University of Chicago, Chicago, IL, USA

 Statins are 3-hydroxy-3-methylglutaryl coenzyme A (HMG-CoA) reductase inhibitors, which are widely used to lower serum cholesterol levels in the primary and secondary prevention of cardiovascular disease. Recent experimental and clinical evidence suggest that the beneficial effects of statins may extend beyond their cholesterol lowering effects, to include so-called pleiotropic effects. These cholesterol-independent effects include improving endothelial function, attenuating vascular and myocardial remodeling, inhibiting vascular inflammation and oxidation, and stabilizing atherosclerotic plaques. The mechanism underlying some of these pleiotropic effects is the inhibition of isoprenoid synthesis by statins, which leads to the inhibition of intracellular signaling molecules such as Rho, Rac and Cdc42. In particular, inhibition of Rho and one of its downstream targets, Rho kinase (ROCK), may be a predominant mechanism contributing to the pleiotropic effects of statins. Indeed, one of the beneficial effects of statin therapy could be due to inhibitory effects on ROCK.

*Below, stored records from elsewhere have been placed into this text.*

section \<open>The tent kernel on the multiplicative group\<close>

lemma measurable_ident_lebesgue [measurable]: "(\<lambda>x::real. x) \<in> borel_measurable lebesgue"
  by (rule measurable_completion) simp

lemma sigma_finite_lebesgue: "sigma_finite_measure (lebesgue :: real measure)"
proof -
  obtain A :: "real set set" where A:
    "countable A" "A \<subseteq> sets lborel" "\<Union>A = space lborel" "\<forall>a\<in>A. emeasure lborel a \<noteq> \<infinity>"
    using lborel.sigma_finite_countable by blast
  show ?thesis
    by unfold_locales (intro exI[of _ A], use A in \<open>auto\<close>)
qed

definition tent :: "real \<Rightarrow> real \<Rightarrow> real \<Rightarrow> real \<Rightarrow> real" where
  "tent a b z t = (if t \<le> z then (t / z) powr a else (z / t) powr b)"

lemma measurable_tent [measurable (raw)]:
  assumes [measurable]: "f \<in> borel_measurable M" "g \<in> borel_measurable M"
  shows "(\<lambda>x. tent a b (f x) (g x)) \<in> borel_measurable M"
  unfolding tent_def by measurable

lemma tent_nonneg: "0 \<le> tent a b z t"
  by (simp add: tent_def)

lemma tent_pos: "0 < z \<Longrightarrow> 0 < t \<Longrightarrow> 0 < tent a b z t"
  by (simp add: tent_def)

lemma tent_le_one: "0 \<le> a \<Longrightarrow> 0 \<le> b \<Longrightarrow> 0 < z \<Longrightarrow> 0 < t \<Longrightarrow> tent a b z t \<le> 1"
  by (auto simp: tent_def intro!: powr_le1)

lemma tent_powr: "0 < z \<Longrightarrow> 0 < t \<Longrightarrow> tent a b z t powr r = tent (a * r) (b * r) z t"
  by (simp add: tent_def powr_powr)

lemma tent_swap: "0 < z \<Longrightarrow> 0 < t \<Longrightarrow> tent a b z t = tent b a t z"
  by (auto simp: tent_def)

lemma nn_integral_tent_Haar:
  assumes a: "0 < a" and b: "0 < b" and z: "0 < z"
  shows "(\<integral>\<^sup>+t\<in>{0<..}. ennreal (tent a b z t * t powr -1) \<partial>lebesgue) = ennreal (1/a + 1/b)"
proof -
  have "((\<lambda>t. z powr -a * t powr (a - 1)) has_integral (z powr -a * (z powr (a - 1 + 1) / (a - 1 + 1)))) {0..z}"
    using a z by (intro has_integral_mult_right has_integral_powr_from_0) auto
  also have "z powr -a * (z powr (a - 1 + 1) / (a - 1 + 1)) = 1/a"
    using a z by (simp add: powr_minus field_simps)
  finally have below: "(\<integral>\<^sup>+t\<in>{0..z}. ennreal (z powr -a * t powr (a - 1)) \<partial>lborel) = ennreal (1/a)"
    by (rule nn_integral_has_integral_lebesgue'[rotated]) simp
  have "((\<lambda>t. z powr b * t powr (-b - 1)) has_integral (z powr b * (-(z powr (-b - 1 + 1)) / (-b - 1 + 1)))) {z..}"
    using b z by (intro has_integral_mult_right has_integral_powr_to_inf) auto
  also have "z powr b * (-(z powr (-b - 1 + 1)) / (-b - 1 + 1)) = 1/b"
    using b z by (simp add: powr_minus field_simps)
  finally have above: "(\<integral>\<^sup>+t\<in>{z..}. ennreal (z powr b * t powr (-b - 1)) \<partial>lborel) = ennreal (1/b)"
    by (rule nn_integral_has_integral_lebesgue'[rotated]) simp
  have "AE t in lborel. ennreal (tent a b z t * t powr -1) * indicator {0<..} t
      = ennreal (z powr -a * t powr (a - 1)) * indicator {0..z} t
        + ennreal (z powr b * t powr (-b - 1)) * indicator {z..} t"
    using AE_lborel_singleton[of z]
  proof (rule eventually_mono)
    fix t :: real
    assume "t \<noteq> z"
    then consider "t \<le> 0" | "0 < t" "t < z" | "z < t" by linarith
    then show "ennreal (tent a b z t * t powr -1) * indicator {0<..} t
      = ennreal (z powr -a * t powr (a - 1)) * indicator {0..z} t
        + ennreal (z powr b * t powr (-b - 1)) * indicator {z..} t"
    proof cases
      case 2
      then have "tent a b z t * t powr -1 = z powr -a * t powr (a - 1)"
        by (simp add: tent_def powr_divide powr_minus powr_diff field_simps)
      then show ?thesis using 2 by (simp add: indicator_def)
    next
      case 3
      then have "tent a b z t * t powr -1 = z powr b * t powr (-b - 1)"
        using z by (simp add: tent_def powr_divide powr_minus powr_diff powr_add field_simps)
      then show ?thesis using 3 z by (simp add: indicator_def)
    qed (use z in \<open>simp add: indicator_def\<close>)
  qed
  then have "(\<integral>\<^sup>+t\<in>{0<..}. ennreal (tent a b z t * t powr -1) \<partial>lborel)
      = (\<integral>\<^sup>+t\<in>{0..z}. ennreal (z powr -a * t powr (a - 1)) \<partial>lborel)
        + (\<integral>\<^sup>+t\<in>{z..}. ennreal (z powr b * t powr (-b - 1)) \<partial>lborel)"
    by (subst nn_integral_add[symmetric]) (auto intro: nn_integral_cong_AE)
  then show ?thesis
    using a b by (simp add: nn_integral_completion below above ennreal_plus)
qed

lemma nn_integral_tent_Haar_first:
  assumes "0 < a" "0 < b" "0 < t"
  shows "(\<integral>\<^sup>+z\<in>{0<..}. ennreal (tent a b z t * z powr -1) \<partial>lebesgue) = ennreal (1/a + 1/b)"
proof -
  have "(\<integral>\<^sup>+z\<in>{0<..}. ennreal (tent a b z t * z powr -1) \<partial>lebesgue)
      = (\<integral>\<^sup>+z\<in>{0<..}. ennreal (tent b a t z * z powr -1) \<partial>lebesgue)"
    using assms by (intro nn_integral_cong) (auto simp: tent_swap indicator_def)
  then show ?thesis using nn_integral_tent_Haar[of b a t] assms by (simp add: add.commute)
qed

lemma nn_integral_tent_Fubini:
  fixes h :: "real \<Rightarrow> ennreal"
  assumes "0 < a" "0 < b" and [measurable]: "h \<in> borel_measurable lebesgue"
  shows "(\<integral>\<^sup>+y\<in>{0<..}. (\<integral>\<^sup>+x\<in>{0<..}. ennreal (tent a b y x) * h x \<partial>lebesgue) * ennreal (y powr -1) \<partial>lebesgue)
       = ennreal (1/a + 1/b) * (\<integral>\<^sup>+x\<in>{0<..}. h x \<partial>lebesgue)"
proof -
  interpret pair_sigma_finite "lebesgue :: real measure" "lebesgue :: real measure"
    by (intro pair_sigma_finite.intro sigma_finite_lebesgue)
  define w where "w y = ennreal (y powr -1) * indicator {0<..} y" for y :: real
  have [measurable]: "w \<in> borel_measurable lebesgue"
    unfolding w_def by measurable
  have split_weight: "ennreal (tent a b y x * y powr -1) = ennreal (tent a b y x) * ennreal (y powr -1)"
    for x y :: real
    by (rule ennreal_mult) (simp_all add: tent_nonneg)
  have pull_in: "(\<integral>\<^sup>+x\<in>{0<..}. ennreal (tent a b y x) * h x \<partial>lebesgue) * w y
      = (\<integral>\<^sup>+x. ennreal (tent a b y x) * h x * indicator {0<..} x * w y \<partial>lebesgue)" for y
    by (rule nn_integral_multc[symmetric]) measurable
  have "(\<integral>\<^sup>+y\<in>{0<..}. (\<integral>\<^sup>+x\<in>{0<..}. ennreal (tent a b y x) * h x \<partial>lebesgue) * ennreal (y powr -1) \<partial>lebesgue)
      = (\<integral>\<^sup>+y. (\<integral>\<^sup>+x\<in>{0<..}. ennreal (tent a b y x) * h x \<partial>lebesgue) * w y \<partial>lebesgue)"
    by (simp only: w_def mult.assoc)
  also have "\<dots> = (\<integral>\<^sup>+y. (\<integral>\<^sup>+x. ennreal (tent a b y x) * h x * indicator {0<..} x * w y \<partial>lebesgue) \<partial>lebesgue)"
    by (rule nn_integral_cong) (rule pull_in)
  also have "\<dots> = (\<integral>\<^sup>+x. (\<integral>\<^sup>+y. ennreal (tent a b y x) * h x * indicator {0<..} x * w y \<partial>lebesgue) \<partial>lebesgue)"
    by (rule Fubini') measurable
  also have "\<dots> = (\<integral>\<^sup>+x. h x * indicator {0<..} x
            * (\<integral>\<^sup>+y\<in>{0<..}. ennreal (tent a b y x * y powr -1) \<partial>lebesgue) \<partial>lebesgue)"
    unfolding split_weight by (subst nn_integral_cmult[symmetric]) (auto intro!: nn_integral_cong simp: w_def mult_ac)
  also have "\<dots> = (\<integral>\<^sup>+x. h x * indicator {0<..} x * ennreal (1/a + 1/b) \<partial>lebesgue)"
  proof (rule nn_integral_cong)
    fix x :: real
    show "h x * indicator {0<..} x * (\<integral>\<^sup>+y\<in>{0<..}. ennreal (tent a b y x * y powr -1) \<partial>lebesgue)
        = h x * indicator {0<..} x * ennreal (1/a + 1/b)"
    proof (cases "0 < x")
      case True
      then show ?thesis by (simp only: nn_integral_tent_Haar_first[OF assms(1,2) True])
    next
      case False
      then have "indicator {0<..} x = (0 :: ennreal)" by simp
      then show ?thesis by (simp only: mult_zero_right mult_zero_left)
    qed
  qed
  also have "\<dots> = (\<integral>\<^sup>+x\<in>{0<..}. h x \<partial>lebesgue) * ennreal (1/a + 1/b)"
    by (rule nn_integral_multc) measurable
  finally show ?thesis by (simp only: mult.commute[of "ennreal (1/a + 1/b)"])
qed

lemma powr_prod3_split:
  fixes k g x r p \<theta> \<phi> \<psi> :: real
  assumes "0 < k" "0 \<le> g" "0 < x" "0 < \<theta>"
    and "r * (\<theta> + \<phi>) = 1" "p * (\<theta> + \<psi>) = 1" "\<theta> + \<phi> + \<psi> = 1"
  shows "k * g * x powr -1 = (k powr r * g powr p * x powr -1) powr \<theta> * (k powr r * x powr -1) powr \<phi>
          * (g powr p * x powr -1) powr \<psi>"
proof (cases "g = 0")
  case True
  then show ?thesis using assms by simp
next
  case False
  then have g: "0 < g" using assms by simp
  have "(k powr r * g powr p * x powr -1) powr \<theta> * (k powr r * x powr -1) powr \<phi> * (g powr p * x powr -1) powr \<psi>
      = exp (\<theta> * (r * ln k + p * ln g - ln x) + \<phi> * (r * ln k - ln x) + \<psi> * (p * ln g - ln x))"
    using assms g by (simp add: powr_def ln_mult exp_add[symmetric] algebra_simps)
  also have "\<theta> * (r * ln k + p * ln g - ln x) + \<phi> * (r * ln k - ln x) + \<psi> * (p * ln g - ln x)
      = (r * (\<theta> + \<phi>)) * ln k + (p * (\<theta> + \<psi>)) * ln g - (\<theta> + \<phi> + \<psi>) * ln x"
    by (simp add: algebra_simps)
  also have "exp \<dots> = k * g * x powr -1"
    using assms g by (simp add: exp_add exp_diff powr_minus divide_inverse)
  finally show ?thesis ..
qed
theorem theorem1:
  fixes M :: "'i measure" and T :: "'i \<Rightarrow> bool list set" and n :: nat and \<beta> \<gamma> :: real
  assumes "prob_space M"
    and "T \<in> measurable M (count_space UNIV)"
    and "\<And>\<omega>. \<omega> \<in> space M \<Longrightarrow> T \<omega> \<noteq> {} \<and> T \<omega> \<subseteq> bits n"
  shows "complex_of_real (Ex M (\<lambda>\<omega>. avg (T \<omega>) (\<lambda>k. (cmod (ck n (T \<omega>) \<beta> \<gamma> k))\<^sup>2)))
           = (\<Sum>d1\<le>n. \<Sum>d2\<le>n. wgt M T n \<gamma> d1 d2 * fn n \<beta> d1 * cnj (fn n \<beta> d2))
       \<and> \<bar>Ex M (\<lambda>\<omega>. F1 n (T \<omega>) \<beta> \<gamma>)
           - Ex M (\<lambda>\<omega>. real (card (T \<omega>))) / 2 ^ n
             * Ex M (\<lambda>\<omega>. avg (T \<omega>) (\<lambda>k. (cmod (ck n (T \<omega>) \<beta> \<gamma> k))\<^sup>2))\<bar>
         \<le> sqrt (Var M (\<lambda>\<omega>. real (card (T \<omega>)))
                 * Var M (\<lambda>\<omega>. avg (T \<omega>) (\<lambda>k. (cmod (ck n (T \<omega>) \<beta> \<gamma> k))\<^sup>2)))"
proof -
  interpret random_target_set M T n
    using assms unfolding random_target_set_def random_target_set_axioms_def by blast
  show ?thesis
    using expectation_avg_cmod_ck_sq F1_expectation_approx by blast
qed

end
lemma secant_bound_from_quotients:
  fixes K :: "real \<Rightarrow> real"
  assumes cont: "continuous_on {x..y} K" and "x \<le> y"
    and t: "\<And>n. 0 < t n" "t \<longlonglongrightarrow> 0"
    and quot: "\<forall>\<^sub>F n in sequentially. \<forall>u\<in>{x..y}. \<bar>diff_quot K u (t n) - c\<bar> \<le> \<epsilon>"
  shows "\<bar>K y - K x - (y - x) * c\<bar> \<le> (y - x) * \<epsilon>"
proof -
  obtain N where N: "\<And>n. N \<le> n \<Longrightarrow> \<forall>u\<in>{x..y}. \<bar>diff_quot K u (t n) - c\<bar> \<le> \<epsilon>"
    using quot by (auto simp: eventually_sequentially)
  have "0 \<le> \<epsilon>"
    using N[of N] \<open>x \<le> y\<close> by (meson abs_ge_zero atLeastAtMost_iff order_refl order_trans)
  have "\<forall>n. \<exists>m::nat. x + real m * t n \<le> y \<and> y < x + real m * t n + t n"
    using grid_point_below[OF t(1) \<open>x \<le> y\<close>] by metis
  then obtain m where m: "\<And>n. x + real (m n) * t n \<le> y" "\<And>n. y < x + real (m n) * t n + t n"
    by metis
  define z where "z n = x + real (m n) * t n" for n
  have z: "z n \<in> {x..y}" "y - z n \<le> t n" for n
    using m[of n] t(1)[of n] by (auto simp: z_def)
  then have "(\<lambda>n. y - z n) \<longlonglongrightarrow> 0"
    by (intro tendsto_sandwich[OF _ _ tendsto_const t(2)] always_eventually allI) auto
  from tendsto_diff[OF tendsto_const[of y] this] have "z \<longlonglongrightarrow> y"
    by simp
  then have "(\<lambda>n. \<bar>K (z n) - K x - (z n - x) * c\<bar>) \<longlonglongrightarrow> \<bar>K y - K x - (y - x) * c\<bar>"
    by (intro tendsto_intros continuous_on_tendsto_compose[OF cont]) (use z \<open>x \<le> y\<close> in auto)
  moreover have "\<bar>K (z n) - K x - (z n - x) * c\<bar> \<le> (y - x) * \<epsilon>" if "N \<le> n" for n
  proof -
    from grid_secant_bound[OF t(1) N[OF that] m(1)]
    have "\<bar>K (z n) - K x - (z n - x) * c\<bar> \<le> (z n - x) * \<epsilon>"
      by (simp add: z_def algebra_simps)
    also have "\<dots> \<le> (y - x) * \<epsilon>"
      using z(1)[of n] \<open>0 \<le> \<epsilon>\<close> by (intro mult_right_mono) auto
    finally show ?thesis .
  qed
  ultimately show ?thesis
    by (intro Lim_bounded[of _ _ N]) auto
qed

lemma chord_slope_near_uniform_limit:
  fixes K G :: "real \<Rightarrow> real"
  assumes cont: "continuous_on {\<alpha>..\<beta>} K"
    and t: "\<And>n. 0 < t n" "t \<longlonglongrightarrow> 0"
    and lim: "uniform_limit {\<alpha>..\<beta>} (\<lambda>n u. diff_quot K u (t n)) G sequentially"
    and pq: "p \<in> {\<alpha>..\<beta>}" "q \<in> {\<alpha>..\<beta>}" "p \<le> q"
    and G_close: "\<And>u. u \<in> {p..q} \<Longrightarrow> \<bar>G u - c\<bar> < e / 2"
  shows "\<bar>K q - K p - (q - p) * c\<bar> \<le> (q - p) * e"
proof (rule secant_bound_from_quotients[OF _ \<open>p \<le> q\<close> t])
  show "continuous_on {p..q} K"
    by (rule continuous_on_subset[OF cont]) (use pq in auto)
  have "\<bar>G p - c\<bar> < e / 2"
    using G_close \<open>p \<le> q\<close> by auto
  then have "0 < e"
    using abs_ge_zero[of "G p - c"] by linarith
  then have near: "\<forall>\<^sub>F n in sequentially. \<forall>u\<in>{\<alpha>..\<beta>}. \<bar>diff_quot K u (t n) - G u\<bar> < e / 2"
    using uniform_limitD[OF lim, of "e / 2"] by (simp add: dist_real_def)
  show "\<forall>\<^sub>F n in sequentially. \<forall>u\<in>{p..q}. \<bar>diff_quot K u (t n) - c\<bar> \<le> e"
  proof (rule eventually_mono[OF near], intro ballI)
    fix n u
    assume "\<forall>u\<in>{\<alpha>..\<beta>}. \<bar>diff_quot K u (t n) - G u\<bar> < e / 2" and u: "u \<in> {p..q}"
    moreover have "u \<in> {\<alpha>..\<beta>}" using u pq by auto
    ultimately have "\<bar>diff_quot K u (t n) - G u\<bar> < e / 2" by blast
    with G_close[OF u] show "\<bar>diff_quot K u (t n) - c\<bar> \<le> e" by arith
  qed
qed

lemma has_real_derivative_from_uniform_quotients:
  fixes K G :: "real \<Rightarrow> real"
  assumes cont: "continuous_on {\<alpha>..\<beta>} K" and "continuous_on {\<alpha>..\<beta>} G"
    and t: "\<And>n. 0 < t n" "t \<longlonglongrightarrow> 0"
    and lim: "uniform_limit {\<alpha>..\<beta>} (\<lambda>n u. diff_quot K u (t n)) G sequentially"
    and z: "z \<in> {\<alpha>..\<beta>}"
  shows "(K has_real_derivative G z) (at z within {\<alpha>..\<beta>})"
  unfolding has_field_derivative_iff
proof (rule Lim_withinI)
  fix e :: real
  assume "0 < e"
  then obtain d where "0 < d"
    and d: "\<And>u. u \<in> {\<alpha>..\<beta>} \<Longrightarrow> \<bar>u - z\<bar> < d \<Longrightarrow> \<bar>G u - G z\<bar> < e / 2"
    using \<open>continuous_on {\<alpha>..\<beta>} G\<close> z unfolding continuous_on_iff dist_real_def
    by (metis half_gt_zero)
  have chord: "\<bar>K q - K p - (q - p) * G z\<bar> \<le> (q - p) * e"
    if "p \<in> {\<alpha>..\<beta>}" "q \<in> {\<alpha>..\<beta>}" "p \<le> q" "\<bar>p - z\<bar> < d" "\<bar>q - z\<bar> < d" for p q
    by (rule chord_slope_near_uniform_limit[OF cont t lim that(1-3)]) (use d that in auto)
  show "\<exists>d>0. \<forall>y\<in>{\<alpha>..\<beta>}. 0 < dist y z \<and> dist y z < d \<longrightarrow>
          dist ((K y - K z) / (y - z)) (G z) \<le> e"
  proof (intro exI conjI ballI impI)
    fix y
    assume y: "y \<in> {\<alpha>..\<beta>}" "0 < dist y z \<and> dist y z < d"
    have "\<bar>K y - K z - (y - z) * G z\<bar> \<le> \<bar>y - z\<bar> * e"
      using chord[of z y] chord[of y z] y z \<open>0 < d\<close>
      by (cases "z \<le> y") (auto simp: dist_real_def abs_minus_commute algebra_simps)
    moreover have "(K y - K z) / (y - z) - G z = (K y - K z - (y - z) * G z) / (y - z)"
      using y by (simp add: field_simps)
    ultimately show "dist ((K y - K z) / (y - z)) (G z) \<le> e"
      using y by (simp add: dist_real_def abs_divide divide_le_eq mult.commute)
  qed (rule \<open>0 < d\<close>)
qed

  Because ROCKs mediate various important cellular functions such as cell shape, motility, secretion, proliferation, and gene expression, it is likely that this pathway will intersect with other signaling pathways known to contribute to cardiovascular disease. Indeed, ROCKs have already been implicated in the regulation of vascular tone, proliferation, inflammation, and oxidative stress. While increased leukocyte ROCK activity is associated with endothelial dysfunction, cerebral ischemia, coronary vasospasms, metabolic syndrome, and heart failure, the inhibition of ROCK by statins or selective ROCK inhibitors leads to upregulation of endothelial nitric oxide synthase (eNOS), decreased vascular inflammation, and reduced atherosclerotic plaque formation. However, it is not entirely clear how ROCKs are regulated, what some of their downstream targets are, and whether ROCK1 and ROCK2 mediate different cellular functions. Clinically, inhibition of ROCK pathway is believed to contribute to some of the cardiovascular benefits of statin therapy that are independent of lipid lowering, i.e., pleiotropic effects. To what extent ROCK activity is inhibited in patients on statin therapy is not known, but may have important clinical implications. Indeed, several pharmaceutical companies are already actively engaged in the development of ROCK inhibitors as the next generation of therapeutic agents for cardiovascular disease since evidence from animal studies suggests the potential involvement of ROCK in hypertension and atherosclerosis. Thus, findings from bench to bedside support ROCK as a novel biomarker and therapeutic target for cardiovascular disease.